• [TASK]:
Lines with "dominated" in them are to be located in the listing below and copied.

• [RECORDS FOR THE TASK]:
┏━━

lemma index_pairing_shift:
  assumes bij: "bij_betw s {..<h + L} {..<h + L}" and "L \<le> h"
  shows "index_pairing s (\<lambda>k. s (k + h)) L (h + L)"
proof
  have inj: "inj_on s {..<h + L}"
    using bij by (rule bij_betw_imp_inj_on)
  show "inj_on s {..<L}"
    by (rule inj_on_subset[OF inj]) (use assms(2) in auto)
  show "inj_on (\<lambda>k. s (k + h)) {..<L}"
  proof (rule inj_onI)
    fix k k' assume k: "k \<in> {..<L}" "k' \<in> {..<L}" and eq: "s (k + h) = s (k' + h)"
    have "k + h = k' + h"
      by (rule inj_onD[OF inj eq]) (use k in auto)
    then show "k = k'"
      by simp
  qed
  have "s k \<noteq> s (k' + h)" if "k < L" "k' < L" for k k'
  proof
    assume eq: "s k = s (k' + h)"
    have "k = k' + h"
      by (rule inj_onD[OF inj eq]) (use that assms(2) in auto)
    then show False
      using that assms(2) by simp
  qed
  then show "s ` {..<L} \<inter> (\<lambda>k. s (k + h)) ` {..<L} = {}"
    by blast
  show "s k < h + L" "s (k + h) < h + L" if "k < L" for k
    using bij_betw_apply[OF bij] that assms(2) by auto
qed

lemma median_pairing:
  fixes v :: "nat \<Rightarrow> real"
  obtains a b L med where "index_pairing a b L n"
    and "(\<Sum>j<n. (v j - med)\<^sup>2) \<le> (\<Sum>k<L. (v (a k) - v (b k))\<^sup>2)"
proof -
  obtain s where bij: "bij_betw s {..<n} {..<n}"
    and mono: "\<And>i j. i \<le> j \<Longrightarrow> j < n \<Longrightarrow> v (s i) \<le> v (s j)"
    using sorting_bij_betw[where n=n and v=v] by blast
  define L where "L = n div 2"
  define h where "h = n - L"
  have hL: "L \<le> h" "h + L = n" "h \<le> L + 1"
    by (auto simp: h_def L_def)
  define med where "med = v (s (h - 1))"
  define f where "f i = (v (s i) - med)\<^sup>2" for i
  have "(\<Sum>j<n. (v j - med)\<^sup>2) = (\<Sum>i<h + L. f i)"
    using sum.reindex_bij_betw[OF bij, of "\<lambda>j. (v j - med)\<^sup>2"] hL by (simp add: f_def)
  also have "\<dots> = (\<Sum>k<L. f k + f (k + h)) + (\<Sum>i=L..<h. f i)"
    by (rule sum_lessThan_fold) (rule hL)
  also have "(\<Sum>i=L..<h. f i) = 0"
  proof (rule sum.neutral, rule ballI)
    fix i assume "i \<in> {L..<h}"
    then have "i = h - 1"
      using hL by auto
    then show "f i = 0"
      by (simp add: f_def med_def)
  qed
  also have "(\<Sum>k<L. f k + f (k + h)) \<le> (\<Sum>k<L. (v (s k) - v (s (k + h)))\<^sup>2)"
  proof (rule sum_mono)
    fix k assume "k \<in> {..<L}"
    then have "v (s k) \<le> med" "med \<le> v (s (k + h))"
      unfolding med_def using hL by (auto intro: mono)
    then have "0 \<le> (med - v (s k)) * (v (s (k + h)) - med)"
      by simp
    then show "f k + f (k + h) \<le> (v (s k) - v (s (k + h)))\<^sup>2"
      by (simp add: f_def power2_eq_square algebra_simps)
  qed
  finally have "(\<Sum>j<n. (v j - med)\<^sup>2) \<le> (\<Sum>k<L. (v (s k) - v (s (k + h)))\<^sup>2)"
    by simp
  moreover have "index_pairing s (\<lambda>k. s (k + h)) L n"
    using index_pairing_shift[of s h L] bij hL by simp
  ultimately show ?thesis
    using that by blast
qed

lemma row_anticoncentration:
  fixes v :: "nat \<Rightarrow> real"
  assumes "0 < d" and "2 * d \<le> n" and unit: "(\<Sum>j<n. (v j)\<^sup>2) = 1"
  shows "real d / n * card (zero_one_rows n d)
    \<le> 24 * card {x\<in>zero_one_rows n d. (real d / n)\<^sup>2 / 320 \<le> (row_inner n v x)\<^sup>2}"
proof -
  let ?Z = "zero_one_rows n d"
  obtain a b L med where pairing: "index_pairing a b L n"
    and dominated: "(\<Sum>j<n. (v j - med)\<^sup>2) \<le> (\<Sum>k<L. (v (a k) - v (b k))\<^sup>2)"
    by (rule median_pairing)
  show ?thesis
  proof (cases "(\<Sum>j<n. (v j - med)\<^sup>2) < 1/20")
    case True
    have n: "1 \<le> real n" and p: "real d / n \<le> 1"
      using assms(1,2) by auto
    have "real d / n * card ?Z \<le> 2 * card {x\<in>?Z. (real d)\<^sup>2 / (10 * real n) \<le> (row_inner n v x)\<^sup>2}"
      using mult_right_mono[OF p, of "card ?Z"] row_anticoncentration_near_constant[OF unit True, of d]
      by linarith
    also have "\<dots> \<le> 2 * card {x\<in>?Z. (real d / n)\<^sup>2 / 320 \<le> (row_inner n v x)\<^sup>2}"
    proof -
      have "(real d / n)\<^sup>2 / 320 = (real d)\<^sup>2 / (10 * real n) * (1 / (32 * real n))"
        by (simp add: power_divide power2_eq_square)
      also have "\<dots> \<le> (real d)\<^sup>2 / (10 * real n) * 1"
        using n by (intro mult_left_mono) auto
      finally show ?thesis
        by (intro mult_left_mono of_nat_mono card_mono) (auto simp: finite_zero_one_rows)
    qed
    finally show ?thesis
      by linarith
  next
    case False
    then have "1/20 \<le> (\<Sum>k<L. (v (a k) - v (b k))\<^sup>2)"
      using dominated by linarith
    then show ?thesis
      by (rule index_pairing.row_anticoncentration_spread[OF pairing assms(1,2)])
  qed
qed

lemma row_matrices_PiE_dflt:
  "row_matrices m n d = PiE_dflt {..<m} (\<lambda>_. 0) (\<lambda>_. zero_one_rows n d)"
  by (auto simp: row_matrices_def PiE_dflt_def not_less)

lemma finite_row_matrices: "finite (row_matrices m n d)"
  unfolding row_matrices_PiE_dflt by (intro finite_PiE_dflt) (auto simp: finite_zero_one_rows)

lemma card_row_matrices: "card (row_matrices m n d) = card (zero_one_rows n d) ^ m"
  unfolding row_matrices_PiE_dflt by (subst card_PiE_dflt) (auto simp: finite_zero_one_rows)

lemma sum_prod_row_matrices:
  fixes g :: "(nat \<Rightarrow> real) \<Rightarrow> real"
  shows "(\<Sum>M\<in>row_matrices m n d. \<Prod>i<m. g (M i)) = (\<Sum>x\<in>zero_one_rows n d. g x) ^ m"
proof -
  let ?R = "row_matrices m n d" and ?r = "\<lambda>M. restrict M {..<m}"
  have "inj_on ?r ?R"
  proof (rule inj_onI, rule ext)
    fix M M' i assume "M \<in> ?R" "M' \<in> ?R" "?r M = ?r M'"
    then show "M i = M' i"
      by (cases "i < m") (auto simp: row_matrices_def dest: fun_cong[where x=i])
  qed
  then have "(\<Sum>M\<in>?R. \<Prod>i<m. g (M i)) = (\<Sum>h\<in>?r ` ?R. \<Prod>i<m. g (h i))"
    by (simp add: sum.reindex)
  also have "?r ` ?R = PiE {..<m} (\<lambda>_. zero_one_rows n d)"
    unfolding row_matrices_PiE_dflt by (rule restrict_PiE_dflt)
  also have "(\<Sum>h\<in>\<dots>. \<Prod>i<m. g (h i)) = (\<Prod>i<m. \<Sum>x\<in>zero_one_rows n d. g x)"
    by (rule prod_sum_PiE[symmetric]) (auto simp: finite_zero_one_rows)
  finally show ?thesis
    by simp
qed

lemma sum_exp_neg_le:
  fixes f :: "'a \<Rightarrow> real" and q \<tau> :: real
  assumes "finite A" and "0 < \<tau>" and nonneg: "\<And>x. x \<in> A \<Longrightarrow> 0 \<le> f x"
    and large: "q * card A \<le> card {x\<in>A. \<tau> \<le> f x}"
  shows "(\<Sum>x\<in>A. exp (- f x / \<tau>)) \<le> card A * exp (- q / 2)"
proof -
  let ?G = "{x\<in>A. \<tau> \<le> f x}"
  have exp_le: "exp (- f x / \<tau>) \<le> 1 - of_bool (x \<in> ?G) / 2" if "x \<in> A" for x
  proof (cases "x \<in> ?G")
    case True
    then have "exp (- f x / \<tau>) \<le> exp (-1)"
      using assms(2) by (simp add: field_simps)
    also have "\<dots> \<le> 1/2"
      using exp_ge_add_one_self[of 1] by (simp add: exp_minus field_simps)
    finally show ?thesis
      using True by simp
  next
    case False
    have "exp (- f x / \<tau>) \<le> 1"
      using nonneg[OF that] assms(2) by simp
    with False that show ?thesis
      by simp
  qed
  have "(\<Sum>x\<in>A. exp (- f x / \<tau>)) \<le> (\<Sum>x\<in>A. 1 - of_bool (x \<in> ?G) / 2)"
    by (rule sum_mono) (rule exp_le)
  also have "\<dots> = card A - card ?G / 2"
    using assms(1) by (simp add: sum_subtractf sum_divide_distrib[symmetric] Int_def conj_commute)
  also have "\<dots> \<le> card A * (1 - q / 2)"
    using large by (simp add: algebra_simps)
  also have "\<dots> \<le> card A * exp (- q / 2)"
    using exp_ge_add_one_self[of "- q / 2"] by (intro mult_left_mono) auto
  finally show ?thesis .
qed

lemma card_row_matrices_small_sum_le:
  fixes f :: "(nat \<Rightarrow> real) \<Rightarrow> real" and q s \<tau> :: real
  assumes "0 < \<tau>" and nonneg: "\<And>x. 0 \<le> f x"
    and large: "q * card (zero_one_rows n d) \<le> card {x\<in>zero_one_rows n d. \<tau> \<le> f x}"
  shows "card {M\<in>row_matrices m n d. (\<Sum>i<m. f (M i)) \<le> s}
    \<le> exp (s / \<tau> - q * m / 2) * card (row_matrices m n d)"
proof -
  let ?R = "row_matrices m n d" and ?Z = "zero_one_rows n d"
  define g where "g x = exp (- f x / \<tau>)" for x
  have weight: "1 \<le> exp (s / \<tau>) * (\<Prod>i<m. g (M i))" if "(\<Sum>i<m. f (M i)) \<le> s" for M
  proof -
    have "(\<Prod>i<m. g (M i)) = exp (- (\<Sum>i<m. f (M i)) / \<tau>)"
      unfolding g_def exp_sum[OF finite_lessThan, symmetric] by (simp add: sum_negf sum_divide_distrib)
    then have "exp (s / \<tau>) * (\<Prod>i<m. g (M i)) = exp ((s - (\<Sum>i<m. f (M i))) / \<tau>)"
      by (simp add: exp_add[symmetric] diff_divide_distrib)
    then show ?thesis
      using that assms(1) by simp
  qed
  have "real (card {M\<in>?R. (\<Sum>i<m. f (M i)) \<le> s}) = (\<Sum>M\<in>{M\<in>?R. (\<Sum>i<m. f (M i)) \<le> s}. 1)"
    by simp
  also have "\<dots> \<le> (\<Sum>M\<in>{M\<in>?R. (\<Sum>i<m. f (M i)) \<le> s}. exp (s / \<tau>) * (\<Prod>i<m. g (M i)))"
    by (rule sum_mono) (simp add: weight)
  also have "\<dots> \<le> (\<Sum>M\<in>?R. exp (s / \<tau>) * (\<Prod>i<m. g (M i)))"
    by (rule sum_mono2) (auto simp: finite_row_matrices g_def intro!: mult_nonneg_nonneg prod_nonneg)
  also have "\<dots> = exp (s / \<tau>) * (\<Sum>x\<in>?Z. g x) ^ m"
    by (simp add: sum_distrib_left[symmetric] sum_prod_row_matrices)
  also have "\<dots> \<le> exp (s / \<tau>) * (card ?Z * exp (- q / 2)) ^ m"
    unfolding g_def
    using sum_exp_neg_le[OF finite_zero_one_rows assms(1) nonneg large]
    by (intro mult_left_mono power_mono) (auto intro: sum_nonneg)
  also have "\<dots> = exp (s / \<tau>) * exp (- q / 2) ^ m * card ?R"
    by (simp add: card_row_matrices power_mult_distrib)
  also have "exp (s / \<tau>) * exp (- q / 2) ^ m = exp (s / \<tau> - q * m / 2)"
    unfolding exp_of_nat_mult[symmetric] exp_add[symmetric] by (simp add: algebra_simps)
  finally show ?thesis .
qed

┗━━

• [WRITTEN RESPONSE]:
    and dominated: "(\<Sum>j<n. (v j - med)\<^sup>2) \<le> (\<Sum>k<L. (v (a k) - v (b k))\<^sup>2)"
      using dominated by linarith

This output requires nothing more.